▶ _Material to process_:
(* Let $\Gamma=(V,E)$ be a simple graph of order $n$ and maximum degree $\Delta$. Then the global defensive alliance number of $\Gamma$ satisfies $$\gamma_{a}(\Gamma)\ge \left\lceil \frac{2n}{\Delta+3}\right\rceil$$ and the global strong defensive alliance number of $\Gamma$ satisfies $$\gamma_{\hat{a}}(\Gamma)\ge \left\lceil \frac{n}{\left\lfloor\frac{\Delta}{2}\right\rfloor+1}\right\rceil.$$
   Context: For $S\subseteq V$ and $v\in V$, $N_S(v)=\{u\in S: u\sim v\}$ and $N_{V\setminus S}(v)=\{u\in V\setminus S: u\sim v\}$. A nonempty set $S\subseteq V$ is a defensive alliance if $|N_S(v)|+1\ge |N_{V\setminus S}(v)|$ for every $v\in S$, and a strong defensive alliance if $|N_S(v)|\ge |N_{V\setminus S}(v)|$ for every $v\in S$. A (strong) defensive alliance is global if it is a dominating set, i.e. every vertex of $V\setminus S$ is adjacent to some vertex of $S$. $\gamma_a(\Gamma)$ (resp. $\gamma_{\hat a}(\Gamma)$) is the minimum cardinality of a global defensive (resp. global strong defensive) alliance. *)

theory Defs
  imports Complex_Main
begin

definition simple_graph :: "'a set \<Rightarrow> ('a \<Rightarrow> 'a \<Rightarrow> bool) \<Rightarrow> bool" where
  "simple_graph V E \<longleftrightarrow> finite V \<and> (\<forall>u v. E u v \<longrightarrow> u \<in> V \<and> v \<in> V)
     \<and> (\<forall>u v. E u v \<longrightarrow> E v u) \<and> (\<forall>v. \<not> E v v)"

definition nbhd_in :: "('a \<Rightarrow> 'a \<Rightarrow> bool) \<Rightarrow> 'a set \<Rightarrow> 'a \<Rightarrow> 'a set" where
  "nbhd_in E S v = {u \<in> S. E u v}"

definition degree :: "'a set \<Rightarrow> ('a \<Rightarrow> 'a \<Rightarrow> bool) \<Rightarrow> 'a \<Rightarrow> nat" where
  "degree V E v = card (nbhd_in E V v)"

definition max_degree :: "'a set \<Rightarrow> ('a \<Rightarrow> 'a \<Rightarrow> bool) \<Rightarrow> nat" where
  "max_degree V E = Max (degree V E ` V)"

definition defensive_alliance :: "'a set \<Rightarrow> ('a \<Rightarrow> 'a \<Rightarrow> bool) \<Rightarrow> 'a set \<Rightarrow> bool" where
  "defensive_alliance V E S \<longleftrightarrow> S \<noteq> {} \<and> S \<subseteq> V \<and>
     (\<forall>v\<in>S. card (nbhd_in E S v) + 1 \<ge> card (nbhd_in E (V - S) v))"

definition strong_defensive_alliance :: "'a set \<Rightarrow> ('a \<Rightarrow> 'a \<Rightarrow> bool) \<Rightarrow> 'a set \<Rightarrow> bool" where
  "strong_defensive_alliance V E S \<longleftrightarrow> S \<noteq> {} \<and> S \<subseteq> V \<and>
     (\<forall>v\<in>S. card (nbhd_in E S v) \<ge> card (nbhd_in E (V - S) v))"

definition dominating :: "'a set \<Rightarrow> ('a \<Rightarrow> 'a \<Rightarrow> bool) \<Rightarrow> 'a set \<Rightarrow> bool" where
  "dominating V E S \<longleftrightarrow> S \<subseteq> V \<and> (\<forall>v\<in>V - S. \<exists>u\<in>S. E u v)"

definition global_defensive_alliance :: "'a set \<Rightarrow> ('a \<Rightarrow> 'a \<Rightarrow> bool) \<Rightarrow> 'a set \<Rightarrow> bool" where
  "global_defensive_alliance V E S \<longleftrightarrow> defensive_alliance V E S \<and> dominating V E S"

definition global_strong_defensive_alliance :: "'a set \<Rightarrow> ('a \<Rightarrow> 'a \<Rightarrow> bool) \<Rightarrow> 'a set \<Rightarrow> bool" where
  "global_strong_defensive_alliance V E S \<longleftrightarrow> strong_defensive_alliance V E S \<and> dominating V E S"

definition gda_number :: "'a set \<Rightarrow> ('a \<Rightarrow> 'a \<Rightarrow> bool) \<Rightarrow> nat" where
  "gda_number V E = Min (card ` {S. global_defensive_alliance V E S})"

definition gsda_number :: "'a set \<Rightarrow> ('a \<Rightarrow> 'a \<Rightarrow> bool) \<Rightarrow> nat" where
  "gsda_number V E = Min (card ` {S. global_strong_defensive_alliance V E S})"

end

theory Submission
  imports Defs
begin

text \<open>Count the edges between a dominating set \<open>S\<close> and its complement: every outside vertex
  has a neighbour in \<open>S\<close>, so if each vertex of \<open>S\<close> has at most \<open>k\<close> neighbours outside, then
  \<open>n - |S| \<le> k |S|\<close>. In a defensive alliance the at most \<open>\<Delta>\<close> neighbours of a vertex of \<open>S\<close> are
  split so that at most \<open>\<lfloor>(\<Delta>+1)/2\<rfloor>\<close> lie outside, in a strong one at most \<open>\<lfloor>\<Delta>/2\<rfloor>\<close>; this gives
  \<open>2n \<le> (\<Delta>+3)|S|\<close> and \<open>n \<le> (\<lfloor>\<Delta>/2\<rfloor>+1)|S|\<close>.\<close>

lemma dominating_card_le:
  assumes "finite V" "symp E" "dominating V E S"
    and outside_le: "\<And>v. v \<in> S \<Longrightarrow> card (nbhd_in E (V - S) v) \<le> k"
  shows "card V \<le> card S * (k + 1)"
proof -
  have "S \<subseteq> V" using assms(3) by (simp add: dominating_def)
  then have "finite S" using \<open>finite V\<close> by (rule finite_subset)
  have "card (V - S) = (\<Sum>u\<in>V - S. 1)" by simp
  also have "\<dots> \<le> (\<Sum>u\<in>V - S. card {v\<in>S. E v u})"
  proof (rule sum_mono)
    fix u assume "u \<in> V - S"
    then have "{v\<in>S. E v u} \<noteq> {}" using assms(3) by (auto simp: dominating_def)
    with \<open>finite S\<close> show "1 \<le> card {v\<in>S. E v u}" by (simp add: Suc_le_eq card_gt_0_iff)
  qed
  also have "\<dots> = (\<Sum>v\<in>S. card {u\<in>V - S. E v u})"
    using sum.swap_restrict[of "V - S" S "\<lambda>_ _. 1::nat" "\<lambda>u v. E v u"] \<open>finite V\<close> \<open>finite S\<close>
    by simp
  also have "\<dots> = (\<Sum>v\<in>S. card (nbhd_in E (V - S) v))"
    using \<open>symp E\<close>
    by (intro sum.cong refl arg_cong[where f = card]) (auto simp: nbhd_in_def dest: sympD)
  also have "\<dots> \<le> card S * k" using sum_mono[of S _ "\<lambda>_. k", OF outside_le] by simp
  finally have "card (V - S) \<le> card S * k" .
  moreover have "card S \<le> card V" using \<open>finite V\<close> \<open>S \<subseteq> V\<close> by (rule card_mono)
  then have "card V = card (V - S) + card S"
    using \<open>finite S\<close> \<open>S \<subseteq> V\<close> by (simp add: card_Diff_subset)
  ultimately show ?thesis by simp
qed

lemma card_nbhd_in_split_le_max_degree:
  assumes "simple_graph V E" "S \<subseteq> V" "v \<in> V"
  shows "card (nbhd_in E S v) + card (nbhd_in E (V - S) v) \<le> max_degree V E"
proof -
  have "finite V" using assms(1) by (simp add: simple_graph_def)
  have "card (nbhd_in E S v) + card (nbhd_in E (V - S) v) = degree V E v"
  proof -
    have "nbhd_in E V v = nbhd_in E S v \<union> nbhd_in E (V - S) v"
      using \<open>S \<subseteq> V\<close> by (auto simp: nbhd_in_def)
    moreover have "finite (nbhd_in E V v)" using \<open>finite V\<close> by (simp add: nbhd_in_def)
    ultimately show ?thesis
      unfolding degree_def by (simp add: card_Un_disjoint nbhd_in_def disjoint_iff)
  qed
  also have "\<dots> \<le> max_degree V E"
    unfolding max_degree_def using \<open>finite V\<close> \<open>v \<in> V\<close> by simp
  finally show ?thesis .
qed

lemma global_defensive_alliance_card_bound:
  assumes "simple_graph V E" "global_defensive_alliance V E S"
  shows "2 * card V \<le> card S * (max_degree V E + 3)"
proof -
  let ?\<Delta> = "max_degree V E"
  have "card V \<le> card S * ((?\<Delta> + 1) div 2 + 1)"
  proof (rule dominating_card_le)
    fix v assume "v \<in> S"
    moreover have "S \<subseteq> V" "\<forall>v\<in>S. card (nbhd_in E (V - S) v) \<le> card (nbhd_in E S v) + 1"
      using assms(2) by (auto simp: global_defensive_alliance_def defensive_alliance_def)
    ultimately have "card (nbhd_in E S v) + card (nbhd_in E (V - S) v) \<le> ?\<Delta>"
      "card (nbhd_in E (V - S) v) \<le> card (nbhd_in E S v) + 1"
      using card_nbhd_in_split_le_max_degree[OF assms(1)] by auto
    then show "card (nbhd_in E (V - S) v) \<le> (?\<Delta> + 1) div 2" by linarith
  qed (use assms in \<open>auto simp: simple_graph_def symp_def global_defensive_alliance_def\<close>)
  moreover have "card S * (2 * ((?\<Delta> + 1) div 2 + 1)) \<le> card S * (?\<Delta> + 3)"
    by (intro mult_le_mono2) presburger
  ultimately show ?thesis by simp
qed

lemma global_strong_defensive_alliance_card_bound:
  assumes "simple_graph V E" "global_strong_defensive_alliance V E S"
  shows "card V \<le> card S * (max_degree V E div 2 + 1)"
proof (rule dominating_card_le)
  fix v assume "v \<in> S"
  moreover have "S \<subseteq> V" "\<forall>v\<in>S. card (nbhd_in E (V - S) v) \<le> card (nbhd_in E S v)"
    using assms(2) by (auto simp: global_strong_defensive_alliance_def strong_defensive_alliance_def)
  ultimately have "card (nbhd_in E S v) + card (nbhd_in E (V - S) v) \<le> max_degree V E"
    "card (nbhd_in E (V - S) v) \<le> card (nbhd_in E S v)"
    using card_nbhd_in_split_le_max_degree[OF assms(1)] by auto
  then show "card (nbhd_in E (V - S) v) \<le> max_degree V E div 2" by linarith
qed (use assms in \<open>auto simp: simple_graph_def symp_def global_strong_defensive_alliance_def\<close>)

lemma Min_card_attained:
  assumes "finite V" "P V" "\<And>S. P S \<Longrightarrow> S \<subseteq> V"
  obtains S where "P S" "card S = Min (card ` {S. P S})"
proof -
  have "finite {S. P S}" using assms by (blast intro: finite_subset[of _ "Pow V"])
  then have "Min (card ` {S. P S}) \<in> card ` {S. P S}" using \<open>P V\<close> by (intro Min_in) auto
  then show ?thesis using that by auto
qed

lemma gda_number_attained:
  assumes "finite V" "V \<noteq> {}"
  obtains S where "global_defensive_alliance V E S" "card S = gda_number V E"
proof (rule Min_card_attained[of V "global_defensive_alliance V E"])
  show "global_defensive_alliance V E V"
    using assms(2)
    by (auto simp: global_defensive_alliance_def defensive_alliance_def dominating_def nbhd_in_def)
qed (use assms that in \<open>auto simp: gda_number_def global_defensive_alliance_def dominating_def\<close>)

lemma gsda_number_attained:
  assumes "finite V" "V \<noteq> {}"
  obtains S where "global_strong_defensive_alliance V E S" "card S = gsda_number V E"
proof (rule Min_card_attained[of V "global_strong_defensive_alliance V E"])
  show "global_strong_defensive_alliance V E V"
    using assms(2)
    by (auto simp: global_strong_defensive_alliance_def strong_defensive_alliance_def
        dominating_def nbhd_in_def)
qed (use assms that in
    \<open>auto simp: gsda_number_def global_strong_defensive_alliance_def dominating_def\<close>)

lemma of_int_ceiling_divide_le:
  fixes x c :: real
  assumes "x \<le> real m * c" "0 < c"
  shows "of_int \<lceil>x / c\<rceil> \<le> real m"
proof -
  have "\<lceil>x / c\<rceil> \<le> int m" using assms by (simp add: ceiling_le_iff divide_le_eq)
  then show ?thesis by (metis of_int_le_iff of_int_of_nat_eq)
qed

theorem theorem4:
  fixes V :: "'a set" and E :: "'a \<Rightarrow> 'a \<Rightarrow> bool"
  assumes "simple_graph V E" and "V \<noteq> {}"
  shows "real (gda_number V E) \<ge> of_int \<lceil>2 * real (card V) / (real (max_degree V E) + 3)\<rceil>
       \<and> real (gsda_number V E) \<ge> of_int \<lceil>real (card V) / (real (max_degree V E div 2) + 1)\<rceil>"
proof -
  have "finite V" using assms(1) by (simp add: simple_graph_def)
  obtain S where S: "global_defensive_alliance V E S" "card S = gda_number V E"
    using gda_number_attained[OF \<open>finite V\<close> assms(2)] .
  obtain T where T: "global_strong_defensive_alliance V E T" "card T = gsda_number V E"
    using gsda_number_attained[OF \<open>finite V\<close> assms(2)] .
  have "real (2 * card V) \<le> real (card S * (max_degree V E + 3))"
    using global_defensive_alliance_card_bound[OF assms(1) S(1)] by (rule of_nat_mono)
  moreover have "real (card V) \<le> real (card T * (max_degree V E div 2 + 1))"
    using global_strong_defensive_alliance_card_bound[OF assms(1) T(1)] by (rule of_nat_mono)
  ultimately show ?thesis
    using S(2) T(2) by (intro conjI of_int_ceiling_divide_le) (simp_all add: algebra_simps)
qed

end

▶ _Activity_: What is the number of lines in the records that hold the word "dots"? Answer with that number by itself.

▶ _Output below_: 5